Fortunately, the ELF specification, and really just about every other executable format still in common use, has a solution to all of the aforementioned problems (with the exception of the aforementioned IFUNC method of selecting CPU microarchitecture optimized functions: it’s a nonstandard GNU extension). This is where the Global Offset Table (GOT) steps in. The GOT serves as something of a central database for all the various symbols and their absolute addresses in memory. Thus, when a piece of code wants to look up the address of a symbol, whether to jump to that symbol if it’s a function, or to read and write to it if it’s a variable, it can peek into the GOT via a known base pointer, and an offset corresponding to that symbol’s index within the GOT. Specifically on the Alpha architecture, this base pointer is always stored in the gp, or global pointer, register, and so symbol addresses are loaded via a load quadword instruction as follows:

ldq $dest_reg, symbol_offset(gp)

This symbol offset is filled in by the static linker at program link-time, even on PIC binaries. As the Executable and Linking Format Specification, Version 1.2 states:

“Though the system chooses virtual addresses for individual processes, it maintains the segments’ relative positions. Because position-independent code uses relative addressing between segments, the difference between virtual addresses in memory must match the difference between virtual addresses in the file. The difference between the virtual address of any segment in memory and the corresponding virtual address in the file is thus a single constant value for any one executable or shared object in a given process. This difference is the base address.”

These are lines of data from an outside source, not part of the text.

lemma exists_old_twin:
  assumes "c \<notin> D"
    and "\<forall>R\<in>A. \<forall>x\<in>D. x \<in> I' R \<longleftrightarrow> x \<in> I R"
    and "infinite {d\<in>D. \<forall>R\<in>A. d \<in> I R \<longleftrightarrow> c \<in> I' R}"
    and "preds \<psi> \<subseteq> A" "range e \<subseteq> D"
  shows "\<exists>d\<in>D. sat (insert c D) I' (e(v := c)) \<psi> \<longleftrightarrow> sat (insert c D) I' (e(v := d)) \<psi>"
proof -
  have "finite (e ` (fv \<psi> - {v}))"
    by (simp add: finite_fv)
  then have "infinite ({d\<in>D. \<forall>R\<in>A. d \<in> I R \<longleftrightarrow> c \<in> I' R} - e ` (fv \<psi> - {v}))"
    using assms(3) by (rule Diff_infinite_finite)
  then obtain d where d: "d \<in> D" "\<forall>R\<in>A. d \<in> I R \<longleftrightarrow> c \<in> I' R" "d \<notin> e ` (fv \<psi> - {v})"
    using infinite_imp_nonempty by blast
  have "sat (insert c D) I' (e(v := c)) \<psi> \<longleftrightarrow> sat (insert c D) I' (e(v := d)) \<psi>"
  proof (rule sat_swap_indiscernible)
    show "\<forall>R\<in>preds \<psi>. d \<in> I' R \<longleftrightarrow> c \<in> I' R"
      using d(1,2) assms(1,2,4) by auto
    show "c \<notin> e ` (fv \<psi> - {v})"
      using assms(1,5) by auto
  qed (use d assms(5) in auto)
  then show ?thesis
    using d by blast
qed

text \<open>In a quantifier step \<open>c\<close> is traded for an old element of the same type over \<open>A\<close>
  (\<open>exists_old_twin\<close>).\<close>
lemma sat_insert_indiscernible:
  assumes c: "c \<notin> D"
    and agree: "\<forall>R\<in>A. \<forall>x\<in>D. x \<in> I' R \<longleftrightarrow> x \<in> I R"
    and twins: "infinite {d\<in>D. \<forall>R\<in>A. d \<in> I R \<longleftrightarrow> c \<in> I' R}"
  shows "preds \<phi> \<subseteq> A \<Longrightarrow> range e \<subseteq> D \<Longrightarrow> sat (insert c D) I' e \<phi> \<longleftrightarrow> sat D I e \<phi>"
proof (induction \<phi> arbitrary: e)
  case (Atom R v)
  then show ?case using agree c by auto
next
  case (Ex v \<psi>)
  have "preds \<psi> \<subseteq> A" "range e \<subseteq> D"
    using Ex.prems by simp_all
  then obtain d\<^sub>0 where "d\<^sub>0 \<in> D" "sat (insert c D) I' (e(v := c)) \<psi> \<longleftrightarrow> sat (insert c D) I' (e(v := d\<^sub>0)) \<psi>"
    using exists_old_twin[OF assms] by blast
  moreover have "d \<in> D \<Longrightarrow> sat (insert c D) I' (e(v := d)) \<psi> \<longleftrightarrow> sat D I (e(v := d)) \<psi>" for d
    using Ex.prems by (intro Ex.IH) auto
  ultimately show ?case by auto
next
  case (All v \<psi>)
  have "preds \<psi> \<subseteq> A" "range e \<subseteq> D"
    using All.prems by simp_all
  then obtain d\<^sub>0 where "d\<^sub>0 \<in> D" "sat (insert c D) I' (e(v := c)) \<psi> \<longleftrightarrow> sat (insert c D) I' (e(v := d\<^sub>0)) \<psi>"
    using exists_old_twin[OF assms] by blast
  moreover have "d \<in> D \<Longrightarrow> sat (insert c D) I' (e(v := d)) \<psi> \<longleftrightarrow> sat D I (e(v := d)) \<psi>" for d
    using All.prems by (intro All.IH) auto
  ultimately show ?case by auto
qed simp_all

Put simply, various segments and the data within them will always be at specific offsets relative to one another once a program or shared library has been loaded into memory, regardless of the base address the program or shared library starts at. These offsets are computed ahead of time by the static linker, and thus, while the static linker won’t know where the global offset table will end up, it does know that printf will be located at, say, index 4 of the GOT once the program has been loaded.

We already discussed that the dynamic linker is responsible for selecting the base address of PIC binaries and their shared libraries to prevent conflicts. However, it’s worthwhile to discuss how this change in base address is applied. As one may guess, it’s carried out by the dynamic linker applying a series of relocations, specifically “dynamic relocations.” Dynamic because they’re resolved at runtime rather than via the static linker. While there’s a variety of dynamic relocations, we’re most interested in R_ALPHA_RELATIVE, R_ALPHA_GLOB_DAT, and R_ALPHA_JMP_SLOT.

Dynamic Relocation Address Calculation
R_ALPHA_RELATIVE B + A
R_ALPHA_GLOB_DAT S
R_ALPHA_JMP_SLOT S (stub)

The static linker will fill some fields with pointers relative to a particular “preferred” base address. However, given that we’re talking about PIC code, the dynamic linker can move executables and shared libraries around to start at any location in memory. Thus, R_ALPHA_RELATIVE is employed to add the new base address to fields already populated with pointers. For example, certain GOT entries in some binaries will be prepopulated with symbol pointers relative to the “preferred” base address if that symbol is defined within the binary. After the R_ALPHA_RELATIVE relocations are processed, those function pointers will now be relative to the proper base address.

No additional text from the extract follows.